Quincy Mayor Mike Troup and former 3rd Ward Alderman Dan Brink will square off in the Feb. 25, 2025 Republican primary.

QUINCY — With 250 days to go until the Feb. 25, 2025, Illinois consolidated primary, the two Republicans who have announced their intentions to run for Quincy mayor have some money in the bank to run their campaigns.

But probably not enough yet.

According to documentation filed with the Illinois State Board of Elections, Mayor Mike Troup has $38,306 in his campaign account as of the end of the first quarter filing period of April 15. The next mandatory financial reports are due on July 15.

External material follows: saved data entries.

lemma sem_let_let:
  assumes t: "typing G t (TyDia A)" and u: "typing (A # G) u (TyDia B)"
    and u': "typing (B # G) u' (TyDia C)"
  shows "Sem G (TLet (TLet t u) u') = Sem G (TLet t (TLet u (lift 1 u')))"
proof -
  have tu: "typing G (TLet t u) (TyDia B)" using t u by (rule ty_let)
  have body: "typing (A # G) (TLet u (lift 1 u')) (TyDia C)"
    using u u' by (blast intro: ty_let typing_lift1)
  show ?thesis
    unfolding sem_TLet[OF tu u'] sem_TLet[OF t u] sem_TLet[OF t body]
      sem_TLet[OF u typing_lift1[OF u']] sem_lift1[OF u']
    using t u u' by (simp add: let_let)
qed

theorem sem_eqv: "eqv G t u A \<Longrightarrow> Sem G t = Sem G u"
proof (induction rule: eqv.induct)
  case (cg_fst \<Gamma> t t' A B)
  then show ?case using eqv_tyof[OF cg_fst(1)] by simp
next
  case (cg_snd \<Gamma> t t' A B)
  then show ?case using eqv_tyof[OF cg_snd(1)] by simp
next
  case (cg_app \<Gamma> t t' A B u u')
  then show ?case using eqv_tyof[OF cg_app(1)] by simp
next
  case (cg_letmap \<Gamma> t t' A u u' B)
  then show ?case using eqv_tyof[OF cg_letmap(1)] by simp
next
  case (cg_let \<Gamma> t t' A u u' B)
  then show ?case using eqv_tyof[OF cg_let(1)] eqv_tyof[OF cg_let(2)] by simp
next
  case (ax_unit_eta \<Gamma> t)
  have "Sem \<Gamma> t = bang M (cobj \<Gamma>)" by (rule bang_unique) (use ax_unit_eta in simp_all)
  then show ?case by simp
next
  case (ax_pair_eta \<Gamma> t A B)
  then show ?case using tup_eta[of "Sem \<Gamma> t" "tobj A" "tobj B"] by (simp add: tyof_eq)
next
  case (ax_fst_beta \<Gamma> t A u B)
  then show ?case by (simp add: tyof_eq[OF typing.ty_pair[OF ax_fst_beta]])
next
  case (ax_snd_beta \<Gamma> t A u B)
  then show ?case by (simp add: tyof_eq[OF typing.ty_pair[OF ax_snd_beta]])
next
  case (ax_letmap_id \<Gamma> t A)
  show ?case
    unfolding sem_TLetmap[OF ax_letmap_id] using ax_letmap_id by (simp add: letmap_ar_pi2)
next
  case (ax_fun_eta \<Gamma> t A B)
  then show ?case by (rule sem_fun_eta[symmetric])
next
  case (ax_fun_beta A \<Gamma> t B u)
  then show ?case by (rule sem_fun_beta)
next
  case (ax_letmap_letmap \<Gamma> t A u B u' C)
  then show ?case by (rule sem_letmap_letmap)
next
  case (ax_let_letmap \<Gamma> t A u B u' C)
  then show ?case by (rule sem_let_letmap)
next
  case (ax_letmap_let \<Gamma> t A u B u' C)
  then show ?case by (rule sem_letmap_let)
next
  case (ax_let_let \<Gamma> t A u B u' C)
  then show ?case by (rule sem_let_let)
qed simp_all
(* Let $(Z_n)$ be a Galton–Watson process with offspring distribution $Z$ satisfying $Z\ge 1$ almost surely, let $W$ be a nonnegative weight distribution, and let $\Lambda_n$ be the minimum of the weights of the $Z_n$ edges entering generation $n$ (independent copies of $W$, independent of the process). Then $\Pr\{\sum_n\Lambda_n<\infty\}=1$ if and only if both (i) $\Pr\big\{\sum_n(\Pr\{W>1\})^{Z_n}<\infty\big\}=1$, and (ii) $\Pr\big\{\sum_n\int_0^1(\Pr\{W>t\})^{Z_n}\,dt<\infty\big\}=1$; otherwise $\Pr\{\sum_n\Lambda_n<\infty\}=0$.
   Context: $Z_n$ denotes the number of individuals in generation $n$ of the Galton–Watson process with offspring distribution $Z$ started from one individual; each edge from generation $n-1$ to generation $n$ of the Galton–Watson tree carries an independent weight distributed as $W$. *)

theory Defs
  imports "HOL-Probability.Probability"
begin

text \<open>A sample point is a pair (xi, w): xi (n,i) is the number of children of the i-th
  individual of generation n (i.i.d. with the offspring law), and w (n,k) is the weight
  on the k-th edge entering generation n
  (i.i.d. with law W); all coordinates are independent (product measure).\<close>

definition gw_space :: "nat pmf \<Rightarrow> real measure \<Rightarrow> ((nat \<times> nat \<Rightarrow> nat) \<times> (nat \<times> nat \<Rightarrow> real)) measure" where
  "gw_space p W = (PiM UNIV (\<lambda>_. measure_pmf p)) \<Otimes>\<^sub>M (PiM UNIV (\<lambda>_. W))"

fun gw_gen :: "(nat \<times> nat \<Rightarrow> nat) \<Rightarrow> nat \<Rightarrow> nat" where
  "gw_gen xi 0 = 1"
| "gw_gen xi (Suc n) = (\<Sum>i<gw_gen xi n. xi (n, i))"

definition gw_min_weight :: "((nat \<times> nat \<Rightarrow> nat) \<times> (nat \<times> nat \<Rightarrow> real)) \<Rightarrow> nat \<Rightarrow> real" where
  "gw_min_weight \<omega> n = Min ((\<lambda>k. snd \<omega> (n, k)) ` {..<gw_gen (fst \<omega>) n})"

end

theory Submission
  imports Defs
begin

text \<open>Fix generation sizes z_n \<ge> 1 and put Y_n = min \<Lambda>_n 1. By Fubini, E Y_n = g(z_n) with
  g(k) = \<integral>_0^1 P{W > t}^k dt. If \<Sum> g(z_n) < \<infinity>, then \<Sum> Y_n < \<infinity> a.s., so Y_n = \<Lambda>_n
  eventually. If \<Sum> g(z_n) = \<infinity>, the Y_n are independent and exp (-y) \<le> 1 - c y on [0,1] with
  c = 1 - exp (-1), so the Chernoff bound P{\<Sum>_{n<N} Y_n \<le> L} \<le> exp (L - c \<Sum>_{n<N} g(z_n))
  tends to 0 and \<Sum> \<Lambda>_n = \<infinity> a.s. Hence P{\<Sum> \<Lambda>_n < \<infinity>} = P{\<Sum> g(Z_n) < \<infinity>}. As g is
  decreasing and Z_{n+k} dominates the process restarted from one individual of generation k, this
  event agrees a.s. with a tail event of the independent generations, so Kolmogorov's zero-one law
  applies. Finally P{W > 1}^k \<le> g(k), so (ii) implies (i).\<close>

lemma pred_summable [measurable]:
  fixes f :: "nat \<Rightarrow> 'a \<Rightarrow> real"
  assumes [measurable]: "\<And>n. f n \<in> borel_measurable M"
  shows "Measurable.pred M (\<lambda>x. summable (\<lambda>n. f n x))"
proof -
  have "(\<lambda>x. summable (\<lambda>n. f n x)) = (\<lambda>x. Cauchy (\<lambda>N. \<Sum>n<N. f n x))"
    by (simp add: summable_iff_convergent Cauchy_convergent_iff)
  then show ?thesis by simp
qed

lemma nonneg_not_summable_unbounded:
  fixes g :: "nat \<Rightarrow> real"
  assumes "\<And>n. 0 \<le> g n" "\<not> summable g"
  obtains N where "B < (\<Sum>n<N. g n)"
proof -
  have "\<not> (\<forall>n. (\<Sum>k\<le>n. g k) \<le> B)"
    using bounded_imp_summable[of g B] assms by blast
  then obtain n where "B < (\<Sum>k\<le>n. g k)" by (auto simp: not_le)
  then show ?thesis by (intro that[of "Suc n"]) (simp add: lessThan_Suc_atMost)
qed

lemma exp_neg_le_chord:
  fixes y :: real
  assumes "0 \<le> y" "y \<le> 1"
  shows "exp (- y) \<le> 1 - (1 - exp (-1)) * y"
  using convex_onD[OF exp_convex, of y 0 "-1"] assms by (simp add: algebra_simps)

lemma borel_measurable_coordinate:
  assumes "sets W = sets borel"
  shows "(\<lambda>w. w i) \<in> borel_measurable (PiM UNIV (\<lambda>_. W))"
  using measurable_component_singleton[of i UNIV "\<lambda>_. W"] assms
  by (simp cong: measurable_cong_sets)

lemma AE_PiM_nonneg:
  fixes W :: "real measure"
  assumes "prob_space W" and "AE x in W. 0 \<le> x"
  shows "AE w in PiM UNIV (\<lambda>_::'i::countable. W). \<forall>i. 0 \<le> w i"
  unfolding AE_all_countable by (intro allI AE_PiM_component) (use assms in auto)

lemma indep_vars_PiM_coordinates:
  assumes "prob_space M"
  shows "prob_space.indep_vars (PiM UNIV (\<lambda>_::'i. M)) (\<lambda>_. M) (\<lambda>i x. x i) UNIV"
proof -
  interpret prob_space "PiM UNIV (\<lambda>_::'i. M)" using assms by (intro prob_space_PiM) auto
  have "distr (PiM UNIV (\<lambda>_::'i. M)) (PiM UNIV (\<lambda>_::'i. M)) (\<lambda>x. \<lambda>i\<in>UNIV. x i)
      = PiM UNIV (\<lambda>_::'i. M)"
    by (simp add: restrict_def distr_id2)
  also have "\<dots> = PiM UNIV (\<lambda>i. distr (PiM UNIV (\<lambda>_::'i. M)) M (\<lambda>x. x i))"
    using assms by (intro PiM_cong refl distr_PiM_component[symmetric]) auto
  finally show ?thesis by (subst indep_vars_iff_distr_eq_PiM) auto
qed

lemma indep_vars_PiM_rows:
  assumes "prob_space M"
  shows "prob_space.indep_vars (PiM UNIV (\<lambda>_::'i \<times> 'j. M)) (\<lambda>n. PiM ({n} \<times> UNIV) (\<lambda>_. M))
           (\<lambda>n x. restrict x ({n} \<times> UNIV)) UNIV"
proof -
  interpret prob_space "PiM UNIV (\<lambda>_::'i \<times> 'j. M)" using assms by (intro prob_space_PiM) auto
  have "indep_vars (\<lambda>n. PiM ({n} \<times> UNIV) (\<lambda>_. M)) (\<lambda>n x. restrict (\<lambda>i. x i) ({n} \<times> UNIV)) UNIV"
    by (rule indep_vars_restrict[OF indep_vars_PiM_coordinates[OF assms]])
      (auto simp: disjoint_family_on_def)
  then show ?thesis by simp
qed
definition fluid_conditions_at ::
  "real^'n^'n \<Rightarrow> (real^'n) set \<Rightarrow> real^'n \<Rightarrow> real^'n \<Rightarrow> (real \<Rightarrow> real^'n)
    \<Rightarrow> (real^'n \<Rightarrow> real \<Rightarrow> real) \<Rightarrow> (real \<Rightarrow> real^'n) \<Rightarrow> real \<Rightarrow> bool" where
  "fluid_conditions_at R S lam w q s y t \<longleftrightarrow>
     (q has_vector_derivative
        (lam + (R - mat 1) *v ((\<Sum>\<mu>\<in>S. s \<mu> t *\<^sub>R \<mu>) - y t))) (at t within {0..}) \<and>
     (\<Sum>\<mu>\<in>S. s \<mu> t) = 1 \<and>
     (\<forall>i. y t $ i \<le> (\<Sum>\<mu>\<in>S. s \<mu> t * \<mu> $ i)) \<and>
     (\<forall>i. q t $ i > 0 \<longrightarrow> y t $ i = 0) \<and>
     (\<forall>\<mu>\<in>S. \<mu> \<notin> wmw_set R S w (q t) \<longrightarrow> s \<mu> t = 0)"

definition fluid_witness ::
  "real^'n^'n \<Rightarrow> (real^'n) set \<Rightarrow> real^'n \<Rightarrow> real^'n \<Rightarrow> (real \<Rightarrow> real^'n)
    \<Rightarrow> (real^'n \<Rightarrow> real \<Rightarrow> real) \<Rightarrow> (real \<Rightarrow> real^'n) \<Rightarrow> bool" where
  "fluid_witness R S lam w q s y \<longleftrightarrow>
     (\<forall>\<mu>\<in>S. \<forall>t\<ge>0. 0 \<le> s \<mu> t \<and> s \<mu> t \<le> 1) \<and>
     (\<forall>t\<ge>0. nonneg_vec (y t)) \<and>
     (AE t in lborel. 0 \<le> t \<longrightarrow> fluid_conditions_at R S lam w q s y t)"

lemma fluid_solution_iff_witness:
  "fluid_solution R S lam w q \<longleftrightarrow>
     abs_cont_Rplus q \<and> (\<forall>t\<ge>0. nonneg_vec (q t)) \<and> (\<exists>s y. fluid_witness R S lam w q s y)"
  by (simp add: fluid_solution_def fluid_witness_def fluid_conditions_at_def)

lemma fluid_conditions_at_sqrtW_iff:
  assumes w: "pos_vec w"
  shows "fluid_conditions_at (scaled_routing w R) (sqrtW w ` S) (sqrtW w lam) 1
      (\<lambda>t. sqrtW w (q t)) (\<lambda>\<nu>. s (sqrtW_inv w \<nu>)) (\<lambda>t. sqrtW w (y t)) t
    \<longleftrightarrow> fluid_conditions_at R S lam w q s y t"
proof -
  have allocation: "(\<Sum>\<nu>\<in>sqrtW w ` S. s (sqrtW_inv w \<nu>) t *\<^sub>R \<nu>)
      = sqrtW w (\<Sum>\<mu>\<in>S. s \<mu> t *\<^sub>R \<mu>)"
    using w by (simp add: sum_sqrtW_image linear_sum[OF linear_sqrtW] linear_scale[OF linear_sqrtW])
  have rate: "sqrtW w lam + (scaled_routing w R - mat 1)
        *v ((\<Sum>\<nu>\<in>sqrtW w ` S. s (sqrtW_inv w \<nu>) t *\<^sub>R \<nu>) - sqrtW w (y t))
      = sqrtW w (lam + (R - mat 1) *v ((\<Sum>\<mu>\<in>S. s \<mu> t *\<^sub>R \<mu>) - y t))"
    by (simp only: allocation linear_diff[OF linear_sqrtW, symmetric]
        scaled_routing_minus_one_mult_sqrtW[OF w] linear_add[OF linear_sqrtW, symmetric])
  have total: "(\<Sum>\<nu>\<in>sqrtW w ` S. s (sqrtW_inv w \<nu>) t) = (\<Sum>\<mu>\<in>S. s \<mu> t)"
    using w by (simp add: sum_sqrtW_image)
  have idle_bound: "sqrtW w (y t) $ i \<le> (\<Sum>\<nu>\<in>sqrtW w ` S. s (sqrtW_inv w \<nu>) t * \<nu> $ i)
      \<longleftrightarrow> y t $ i \<le> (\<Sum>\<mu>\<in>S. s \<mu> t * \<mu> $ i)" for i
  proof -
    have "(\<Sum>\<nu>\<in>sqrtW w ` S. s (sqrtW_inv w \<nu>) t * \<nu> $ i)
        = sqrt (w $ i) * (\<Sum>\<mu>\<in>S. s \<mu> t * \<mu> $ i)"
      using w by (simp add: sum_sqrtW_image sum_distrib_left algebra_simps)
    then show ?thesis
      by (simp only: sqrtW_nth mult_le_cancel_left_pos[OF pos_vec_sqrt_pos[OF w]])
  qed
  have idle_zero: "(0 < sqrtW w (q t) $ i \<longrightarrow> sqrtW w (y t) $ i = 0)
      \<longleftrightarrow> (0 < q t $ i \<longrightarrow> y t $ i = 0)" for i
    unfolding sqrtW_nth_pos_iff[OF w] using pos_vec_sqrt_pos[OF w, of i] by simp
  have schedule: "(\<forall>\<nu>\<in>sqrtW w ` S.
        \<nu> \<notin> wmw_set (scaled_routing w R) (sqrtW w ` S) 1 (sqrtW w (q t))
          \<longrightarrow> s (sqrtW_inv w \<nu>) t = 0)
      \<longleftrightarrow> (\<forall>\<mu>\<in>S. \<mu> \<notin> wmw_set R S w (q t) \<longrightarrow> s \<mu> t = 0)"
    by (simp only: ball_simps sqrtW_mem_wmw_set_scaled_iff[OF w] sqrtW_inv_sqrtW[OF w])
  show ?thesis
    unfolding fluid_conditions_at_def rate total idle_bound idle_zero schedule
      has_vector_derivative_bounded_linear_iff[OF bounded_linear_sqrtW bounded_linear_sqrtW_inv
        sqrtW_inv_sqrtW[OF w]] ..
qed
(* Let $\Phi$ be an irreducible root system of classical type ($A_r$, $B_r$, $C_r$ or $D_r$) with base $\{\alpha_1,\dots,\alpha_r\}$. For every $1\le i\le r$, the root subsystem $\Phi\cap\mathbb Z\{\alpha_k:k\neq i\}$ generated by the simple roots other than $\alpha_i$ is a good root subsystem of $\Phi$; conversely, every good root subsystem of $\Phi$ is $W$-conjugate to one of these.
   Context: $W$ is the Weyl group of $\Phi$, and $\mathbb Z\{\cdot\}$ denotes the integral span. A root subsystem $\Psi\subseteq\Phi$ is closed if $\lambda,\mu\in\Psi$, $\lambda+\mu\in\Phi$ imply $\lambda+\mu\in\Psi$; $\operatorname{rk}\Psi=\dim\operatorname{Span}\Psi$. A good root subsystem of $\Phi$ (rank $r$) is a closed root subsystem of rank $r-1$ maximal under inclusion among closed root subsystems of rank $r-1$. *)

theory Defs
  imports "HOL-Analysis.Analysis"
begin

definition rrefl :: "'a::euclidean_space \<Rightarrow> 'a \<Rightarrow> 'a" where
  "rrefl a v = v - ((2 * (v \<bullet> a)) / (a \<bullet> a)) *\<^sub>R a"

definition cartan_int :: "'a::euclidean_space \<Rightarrow> 'a \<Rightarrow> real" where
  "cartan_int u v = (2 * (u \<bullet> v)) / (v \<bullet> v)"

Troup has raised no money for his campaign since he defeated Democrat Nora Baldner on April 4, 2021. He announced his intention to run for re-election in March.

Troup spent about $70,000 during his first election bid in defeating former 3rd Ward Alderman Paul Havermale in the 2021 Republican Primary before winning the general election.

Republican Dan Brink, a former 6th Ward alderman, was the first person to announce a mayoral run when he threw his hat in the ring in October 2023. Brink had $20,931 in his campaign coffers on April 15, according to the Board of Elections.

Most of Brink’s revenues have come from family and friends to this point. His largest contributor is $5,000 from Cullum & Brown, an air compressor company based in Lee’s Summit, Mo.

Troup’s campaign was tagged with a $3,000 penalty from the Illinois State Board of Elections earlier this year for improperly filed paperwork. Linda Beers resigned as the campaign’s treasurer on June 14. Jeff McPherson now is the campaign’s treasurer, with Ray Wilson remaining as campaign chairman.

Brink is listed as the chair of his own campaign. Drew Erwin is his campaign treasurer.

The general election is April 1, 2025. No Democrat has announced their intent to run for mayor at this time. Upon her retirement in December 2023, former City Treasurer Linda Moore, a Democrat, said she could “potentially” be a candidate, but has not publicly stated her intentions as of this time.